Les dirigeants de l'Union Européenne, et en France Jospin et Chirac, multiplient les déclarations contre l'installation d'une telle coalition en Autriche. Jospin a déclaré que l'Autriche de Jörg Haider devait être " politiquement isolée en Europe " car l'Union Européenne est " une communauté de principes et de valeurs humanistes ". Mais ces gens-là s'achètent ainsi une bonne conscience à bon compte. Car Haider, comme le démontre l'existence de Le Pen et Mégret en France, n'est nullement une spécialité autrichienne. Rappelons les résultats électoraux importants de Le Pen et Megret ici en France. Rappelons comment la droite, même parlementaire, reprenait à son compte les insanités de l'extrême droite. Le chômage, la montée de la misère, les craintes que tout cela engendre offraient d'autant plus un terreau pour la démagogie imbécile de l'extrême droite que les gouvernements en place, ceux de droite comme ceux de gauche, étaient incapables de mener la politique nécessaire pour les résorber.

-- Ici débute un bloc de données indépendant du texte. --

(* On the two-letter alphabet $\{\mathtt A,\mathtt B\}$, there exists a $1$-regular word of length $n\ge 1$ if and only if $n=4k$ for some positive integer $k$. Moreover, in that case every $1$-regular word of length $4k$ over $\{\mathtt A,\mathtt B\}$ can be obtained from the word $\mathtt A^k\mathtt B^{2k}\mathtt A^k$ by a finite sequence of operations, each of which replaces a word of the form $x\,\mathtt{AB}\,y\,\mathtt{BA}\,z$ by $x\,\mathtt{BA}\,y\,\mathtt{AB}\,z$ (for some words $x,y,z$, possibly empty), with every intermediate word being $1$-regular.
   Context: For a word $u=u_1\cdots u_m$ over an alphabet $\mathcal A$ with $b$ letters and an integer $r\ge -1$, $u$ is $r$-regular if for every $k=0,1,\dots,r$ the sum $\sum_{1\le t\le m,\ u_t=c} t^k$ is the same for all letters $c\in\mathcal A$ (a letter not occurring contributes $0$). Here $\mathcal A=\{\mathtt A,\mathtt B\}$, and $\mathtt A^k$ denotes $k$ consecutive copies of $\mathtt A$. *)

theory Defs
  imports Main
begin

datatype letter = A | B

definition pos_power_sum :: "nat \<Rightarrow> letter \<Rightarrow> letter list \<Rightarrow> nat" where
  "pos_power_sum k c u = (\<Sum>t\<in>{1..length u}. if u ! (t - 1) = c then t ^ k else 0)"

definition regular :: "int \<Rightarrow> letter list \<Rightarrow> bool" where
  "regular r u \<longleftrightarrow> (\<forall>k::nat. int k \<le> r \<longrightarrow>
      (\<forall>c d. pos_power_sum k c u = pos_power_sum k d u))"

definition swap_step :: "letter list \<Rightarrow> letter list \<Rightarrow> bool" where
  "swap_step u v \<longleftrightarrow> (\<exists>x y z. u = x @ [A, B] @ y @ [B, A] @ z \<and>
                                 v = x @ [B, A] @ y @ [A, B] @ z)"

definition regular_swap_step :: "letter list \<Rightarrow> letter list \<Rightarrow> bool" where
  "regular_swap_step u v \<longleftrightarrow> swap_step u v \<and> regular 1 u \<and> regular 1 v"

end

theory Submission
  imports Defs
begin

text \<open>
  The A- and B-power sums of a word of length \<open>n\<close> add up to \<open>\<Sum>t = 1..n. t ^ k\<close>, so a word is
  1-regular iff it has \<open>n/2\<close> letters B whose positions sum to \<open>n(n+1)/4\<close>; this forces
  \<open>4 dvd n\<close>. A swap \<open>x AB y BA z \<mapsto> x BA y AB z\<close> preserves the number and the position sum
  of each letter, but strictly increases the sum of the squared positions of B. Undoing swaps
  therefore terminates, and it gets stuck only at regular words without a factor
  \<open>BA \<dots> AB\<close>, i.e. of the shape \<open>A^a B^b\<close> or \<open>A^a B^b A B^c A^d\<close> with \<open>b > 0\<close>. For these
  the position-sum equation leaves only \<open>A^k B^(2k) A^k\<close>.
\<close>

lemma pos_power_sum_Nil [simp]: "pos_power_sum k c [] = 0"
  by (simp add: pos_power_sum_def)

lemma pos_power_sum_snoc:
  "pos_power_sum k c (xs @ [d]) =
     pos_power_sum k c xs + (if d = c then Suc (length xs) ^ k else 0)"
proof -
  have "(\<Sum>t\<in>{1..length xs}. if (xs @ [d]) ! (t - 1) = c then t ^ k else 0) =
        (\<Sum>t\<in>{1..length xs}. if xs ! (t - 1) = c then t ^ k else 0)"
    by (rule sum.cong) (auto simp: nth_append)
  moreover have "{1..Suc (length xs)} = insert (Suc (length xs)) {1..length xs}"
    by auto
  ultimately show ?thesis
    by (simp add: pos_power_sum_def)
qed

lemma pos_power_sum_append:
  "pos_power_sum k c (xs @ ys) =
     pos_power_sum k c xs + (\<Sum>j\<le>k. (k choose j) * length xs ^ (k - j) * pos_power_sum j c ys)"
proof (induction ys rule: rev_induct)
  case (snoc d ys)
  have "(\<Sum>j\<le>k. (k choose j) * length xs ^ (k - j) * Suc (length ys) ^ j) =
        (length xs + Suc (length ys)) ^ k"
    using binomial_ring[of "Suc (length ys)" "length xs" k] by (simp add: ac_simps)
  with snoc.IH show ?case
    by (cases "d = c")
       (simp_all add: pos_power_sum_snoc append_assoc[symmetric] sum.distrib algebra_simps
         del: append_assoc)
qed simp

lemma pos_power_sum_append_0:
  "pos_power_sum 0 c (xs @ ys) = pos_power_sum 0 c xs + pos_power_sum 0 c ys"
  using pos_power_sum_append[of 0] by simp

lemma pos_power_sum_append_1:
  "pos_power_sum 1 c (xs @ ys) =
     pos_power_sum 1 c xs + pos_power_sum 1 c ys + length xs * pos_power_sum 0 c ys"
  using pos_power_sum_append[of 1] by simp

lemma pos_power_sum_append_2:
  "pos_power_sum 2 c (xs @ ys) =
     pos_power_sum 2 c xs + pos_power_sum 2 c ys + 2 * length xs * pos_power_sum 1 c ys
     + length xs ^ 2 * pos_power_sum 0 c ys"
  using pos_power_sum_append[of 2] by (simp add: numeral_2_eq_2 algebra_simps)

lemma pos_power_sum_Cons:
  "pos_power_sum k c (d # xs) =
     (if d = c then 1 else 0) + (\<Sum>j\<le>k. (k choose j) * pos_power_sum j c xs)"
  using pos_power_sum_append[of k c "[d]" xs] pos_power_sum_snoc[of k c "[]" d] by simp

lemma pos_power_sum_Cons_0_1_2:
  "pos_power_sum 0 c (d # xs) = (if d = c then 1 else 0) + pos_power_sum 0 c xs"
  "pos_power_sum 1 c (d # xs) =
     (if d = c then 1 else 0) + pos_power_sum 1 c xs + pos_power_sum 0 c xs"
  "pos_power_sum 2 c (d # xs) =
     (if d = c then 1 else 0) + pos_power_sum 2 c xs + 2 * pos_power_sum 1 c xs
     + pos_power_sum 0 c xs"
  by (simp_all add: pos_power_sum_Cons numeral_2_eq_2)

lemma pos_power_sum_replicate:
  "pos_power_sum k c (replicate m d) = (if d = c then \<Sum>t = 1..m. t ^ k else 0)"
  unfolding pos_power_sum_def by (auto intro!: sum.neutral sum.cong)

lemma pos_power_sum_replicate_other:
  "d \<noteq> c \<Longrightarrow> pos_power_sum k c (replicate m d) = 0"
  by (simp add: pos_power_sum_replicate)

lemma pos_power_sum_0_replicate:
  "pos_power_sum 0 c (replicate m c) = m"
  by (simp add: pos_power_sum_replicate)

lemma double_pos_power_sum_1_replicate:
  "2 * pos_power_sum 1 c (replicate m c) = m * (m + 1)"
  using double_gauss_sum_from_Suc_0[of m, where ?'a = nat]
  by (simp add: pos_power_sum_replicate)

lemma pos_power_sum_A_plus_B:
  "pos_power_sum k A w + pos_power_sum k B w = (\<Sum>t = 1..length w. t ^ k)"
  unfolding pos_power_sum_def sum.distrib[symmetric]
  by (rule sum.cong) (auto intro: letter.exhaust)

lemma regular_1_iff:
  "regular 1 w \<longleftrightarrow>
     pos_power_sum 0 A w = pos_power_sum 0 B w \<and> pos_power_sum 1 A w = pos_power_sum 1 B w"
proof -
  have "(\<forall>k::nat. int k \<le> 1 \<longrightarrow> P k) \<longleftrightarrow> P 0 \<and> P 1" for P
  proof -
    have "int k \<le> 1 \<longleftrightarrow> k = 0 \<or> k = 1" for k
      by auto
    then show ?thesis
      by auto
  qed
  moreover have "(\<forall>c d. f c = f d) \<longleftrightarrow> f A = f B" for f :: "letter \<Rightarrow> nat"
    by (metis (full_types) letter.exhaust)
  ultimately show ?thesis
    unfolding regular_def by simp
qed

lemma regular_1_iff_B_sums:
  "regular 1 w \<longleftrightarrow>
     2 * pos_power_sum 0 B w = length w \<and> 4 * pos_power_sum 1 B w = length w * (length w + 1)"
proof -
  have "pos_power_sum 0 A w + pos_power_sum 0 B w = length w"
    using pos_power_sum_A_plus_B[of 0 w] by simp
  moreover have "2 * (pos_power_sum 1 A w + pos_power_sum 1 B w) = length w * (length w + 1)"
    using pos_power_sum_A_plus_B[of 1 w] double_gauss_sum_from_Suc_0[of "length w", where ?'a = nat]
    by simp
  ultimately show ?thesis
    unfolding regular_1_iff by arith
qed

text \<open>
  The simplifier rewrites the exponent \<open>1 :: nat\<close> to \<open>Suc 0\<close>, which would block the rules
  for \<open>pos_power_sum 1\<close>; hence the \<open>simp only\<close> and \<open>del: One_nat_def\<close> calls below.
\<close>

lemma swap_step_pos_power_sum_eq:
  assumes "swap_step u v" and "j \<le> 1"
  shows "pos_power_sum j c u = pos_power_sum j c v"
proof -
  from assms(1) obtain x y z where "u = x @ [A, B] @ y @ [B, A] @ z" "v = x @ [B, A] @ y @ [A, B] @ z"
    unfolding swap_step_def by blast
  moreover have "j = 0 \<or> j = 1"
    using assms(2) by auto
  ultimately show ?thesis
    by (auto simp only: pos_power_sum_append_0 pos_power_sum_append_1 pos_power_sum_Cons_0_1_2
        append_Cons append_Nil) simp_all
qed

lemma swap_step_pos_power_sum_2_B_less:
  assumes "swap_step u v"
  shows "pos_power_sum 2 B u < pos_power_sum 2 B v"
proof -
  from assms obtain x y z where "u = x @ [A, B] @ y @ [B, A] @ z" "v = x @ [B, A] @ y @ [A, B] @ z"
    unfolding swap_step_def by blast
  then show ?thesis
    by (simp only: pos_power_sum_append_0 pos_power_sum_append_1 pos_power_sum_append_2
        pos_power_sum_Cons_0_1_2 append_Cons append_Nil length_Cons) (simp add: algebra_simps)
qed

En Autriche on a vu les sociaux-démocrates au gouvernement - seuls ou en coalition avec les conservateurs - mener une politique d'austérité antiouvrière au service du patronat et rejeter ainsi l'électorat populaire du côté de l'extrême droite. A la démagogie xénophobe de celle-ci, les mêmes sociaux-démocrates et conservateurs auxquels Jospin attribue ce qu'il appelle les " valeurs humanistes " de l'Union Européenne ont répondu par des mesures contre l'immigration, rétablissant les visas, restreignant le droit d'asile, déployant l'armée le long des frontières et imposant des quotas.

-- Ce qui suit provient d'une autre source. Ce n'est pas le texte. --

lemma (in prob_space) indep_set_batch:
  assumes F: "subalgebra M F" and \<zeta>: "\<And>j. random_variable P (\<zeta> j)"
    and ind: "indep_sets (\<lambda>i. case i of None \<Rightarrow> sets F | Some j \<Rightarrow> {\<zeta> j -` A \<inter> space M | A. A \<in> sets P})
      (insert None (Some ` {..<b}))"
  shows "indep_set (sets F) {(\<lambda>\<omega>. \<lambda>j\<in>{..<b}. \<zeta> j \<omega>) -` B \<inter> space M | B. B \<in> sets (PiM {..<b} (\<lambda>_. P))}"
proof -
  define Gz where "Gz = (\<Union>j<b. {\<zeta> j -` A \<inter> space M | A. A \<in> sets P})"
  have Gz: "Gz \<subseteq> Pow (space M)" by (auto simp: Gz_def)
  have "\<zeta> j \<in> measurable (sigma (space M) Gz) P" if "j < b" for j
    using that measurable_space[OF \<zeta>] by (intro measurable_sigma_if_vimage[OF Gz]) (auto simp: Gz_def)
  then have "(\<lambda>\<omega>. \<lambda>j\<in>{..<b}. \<zeta> j \<omega>) \<in> measurable (sigma (space M) Gz) (PiM {..<b} (\<lambda>_. P))"
    by (intro measurable_restrict) auto
  from measurable_sets[OF this] have sub:
    "{(\<lambda>\<omega>. \<lambda>j\<in>{..<b}. \<zeta> j \<omega>) -` B \<inter> space M | B. B \<in> sets (PiM {..<b} (\<lambda>_. P))} \<subseteq> sigma_sets (space M) Gz"
    using space_measure_of[OF Gz] sets_measure_of[OF Gz] by auto
  from indep_set_sigma_batch[OF F ind, folded Gz_def] show ?thesis
    unfolding indep_set_def by (rule indep_sets_mono_sets) (auto split: bool.split intro!: sub[THEN subsetD])
qed

lemma (in prob_space) distr_batch_eq_PiM:
  assumes b: "0 < b" and \<zeta>: "\<And>j. random_variable P (\<zeta> j)" and \<zeta>_distr: "\<And>j. distr M P (\<zeta> j) = P"
    and ind: "indep_sets (\<lambda>i. case i of None \<Rightarrow> sets F | Some j \<Rightarrow> {\<zeta> j -` A \<inter> space M | A. A \<in> sets P})
      (insert None (Some ` {..<b}))"
  shows "distr M (PiM {..<b} (\<lambda>_. P)) (\<lambda>\<omega>. \<lambda>j\<in>{..<b}. \<zeta> j \<omega>) = PiM {..<b} (\<lambda>_. P)"
proof -
  have "indep_sets (\<lambda>i. case i of None \<Rightarrow> sets F | Some j \<Rightarrow> {\<zeta> j -` A \<inter> space M | A. A \<in> sets P}) (Some ` {..<b})"
    by (rule indep_sets_mono_index[OF _ ind]) auto
  from indep_sets_reindex[OF this] have "indep_vars (\<lambda>_. P) \<zeta> {..<b}"
    unfolding indep_vars_def2 using \<zeta> by simp
  moreover have "{..<b} \<noteq> {}" using b by auto
  ultimately show ?thesis
    using indep_vars_iff_distr_eq_PiM[where M'="\<lambda>_. P" and X=\<zeta>] \<zeta> by (simp add: \<zeta>_distr)
qed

Toutes ces mesures ne sont pas bien différentes de celles pratiquées ici en France par les Pasqua, les Debré, et aujourd'hui les Jospin et les Chevènement. Le développement du chômage et de la précarité, la dégradation sociale qu'ils entraînent, résultent partout d'une politique gouvernementale en faveur du patronat, qui détourne les fonds publics pour alimenter ses profits scandaleux et la spéculation, qui aggrave les conditions de vie et de travail et qui jette une partie de la population travailleuse à la rue.

La gauche de gouvernement tout comme la droite dite républicaine, responsables de cette politique, n'ont pas hésité à recourir elles-mêmes à la démagogie anti-immigrés ; l'acharnement du ministre de l'Intérieur, Chevènement, contre les sans-papiers continue tous les jours de le montrer.

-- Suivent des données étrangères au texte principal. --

(* In the Setting below, for all $u,v,w,t\in V$: $$w\langle u,v\rangle+u\langle v,w\rangle+v\langle w,u\rangle=0,$$ $$\langle w,t\rangle\langle u,v\rangle+\langle u,t\rangle\langle v,w\rangle+\langle v,t\rangle\langle w,u\rangle=0,$$ where in the first identity elements of $U$ act on $V$ on the right, and in the second the products are taken in $U$.
   Context: Setting. Let $\mathbb F$ be a field of characteristic different from $2$ and $3$. A Malcev algebra is an anticommutative algebra $\mathcal M$ over $\mathbb F$ satisfying $(xz)(yt)=((xy)z)t+((yz)t)x+((zt)x)y+((tx)y)z$. Products are left-normed: $xyz=(xy)z$, $xyzt=((xy)z)t$. Put $J(x,y,z)=xyz+yzx+zxy$ (the Jacobian), $\{x,y,z\}=xyz-xzy+2x(yz)$, and $h(y,z,t,x,u)=\{yz,t,u\}x+\{yz,t,x\}u+\{yx,z,u\}t+\{yu,z,x\}t$. The variety $\mathcal H$ consists of the Malcev algebras satisfying $h(y,z,t,x,u)=0$ identically. The centroid $\Gamma(\mathcal M)$ is the set of linear maps $\alpha$ of $\mathcal M$ (written on the right) with $(xy)\alpha=x(y\alpha)=(x\alpha)y$ for all $x,y$. Put $p(x,y,z,t)=-\{zt,x,y\}-\{yt,z,x\}+\{xt,y,z\}$ and define the operator $\alpha(y,z,t)$ by $x\,\alpha(y,z,t)=p(x,y,z,t)$; for $\mathcal M\in\mathcal H$ these operators lie in $\Gamma(\mathcal M)$. Let $L=\mathfrak{sl}_2(\mathbb F)$ with basis $E,H,F$ and products $EH=E$, $FH=-F$, $EF=\tfrac12 H$. Standing assumption: $\mathcal M\in\mathcal H$ contains $L$ as a subalgebra and $mL\neq 0$ for every $0\neq m\in\mathcal M$. Define $N_{\mathcal M}=\{m\in\mathcal M: J(m,a,b)=0\ \forall a,b\in L\}$ and $J_{\mathcal M}=\{m\in\mathcal M:\{m,a,b\}=0\ \forall a,b\in L\}$. Known facts: $\mathcal M=N_{\mathcal M}\oplus J_{\mathcal M}$; $J_{\mathcal M}$ is a direct sum of $2$-dimensional $L$-submodules with bases $\{u,v\}$, $uH=u$, $vH=-v$, $uE=v$, $uF=0$, $vE=0$, $vF=-u$; letting $U$ be the linear span of the operators $\alpha(m,a,b)$ ($m\in\mathcal M$, $a,b\in L$), $U$ is a commutative associative subalgebra of $\Gamma(\mathcal M)$ and $N_{\mathcal M}=\sum_{\alpha\in U}L\alpha\cong L\otimes U$. Let $V=\{w\in J_{\mathcal M}: wH=w\}$, and for $w\in V$ put $w(1)=w$, $w(2)=wE$. There is a skew-symmetric bilinear map $\langle\cdot,\cdot\rangle:V\times V\to U$ with $u(1)v(1)=F\langle u,v\rangle$, $u(1)v(2)=u(2)v(1)=\tfrac12 H\langle u,v\rangle$, $u(2)v(2)=E\langle u,v\rangle$ for all $u,v\in V$. *)

theory Defs
  imports Main "HOL.Vector_Spaces"
begin

text \<open>Products are left-normed and
operators (elements of the centroid) act on the right, i.e. x alpha = alpha x.\<close>

definition bilinear_prod :: "('k::field \<Rightarrow> 'm::ab_group_add \<Rightarrow> 'm) \<Rightarrow> ('m \<Rightarrow> 'm \<Rightarrow> 'm) \<Rightarrow> bool" where
  "bilinear_prod scale mul \<longleftrightarrow>
     (\<forall>x. Vector_Spaces.linear scale scale (mul x)) \<and>
     (\<forall>y. Vector_Spaces.linear scale scale (\<lambda>x. mul x y))"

C'est cette politique qui alimente les courants réactionnaires et xénophobes. Les déboires électoraux récents d'un le Pen et d'un Mégret ne peuvent suffire à rassurer. La démagogie des Pasqua, des De Villiers, et de toute une partie de la droite dite " républicaine " est exactement de la même eau et s'alimente des mêmes propos odieux à l'égard des immigrés et des étrangers. Ce sont d'ailleurs souvent les mêmes politiciens qui changent de casaque et passent de l'extrême droite à la droite dite " respectable " en fonction des opportunités.

Alors les protestations d'" humanisme " émanant d'un Jospin, d'un Chirac et des autres dirigeants européens ne sont certainement pas une protection pour les travailleurs qui veulent faire front à la menace d'extrême droite, que ce soit en Autriche, en France ou ailleurs en Europe. Car c'est précisément toute la politique menée par ces gens-là, qui la nourrit et l'entretient. Les gouvernements européens, menant une politique antiouvrière avec pour certains de fausses phrases de gauche, ne font que renforcer la droite et l'extrême droite, au risque de leur ouvrir la voie vers le pouvoir.

Et la seule protection qu'ont les travailleurs contre le retour de courants aussi inquiétants que celui de Jörg Haider en Autriche, c'est bien d'abord de renouer avec la lutte de classe, d'apprendre à mettre en échec la politique gouvernementale et patronale, de montrer que la classe ouvrière a les moyens et la force d'ouvrir à la société une autre perspective que cette situation de crise, de chômage et de misère dans laquelle nous enfoncent, quoi qu'ils en disent, les Jospin, les Chirac et tous leurs semblables.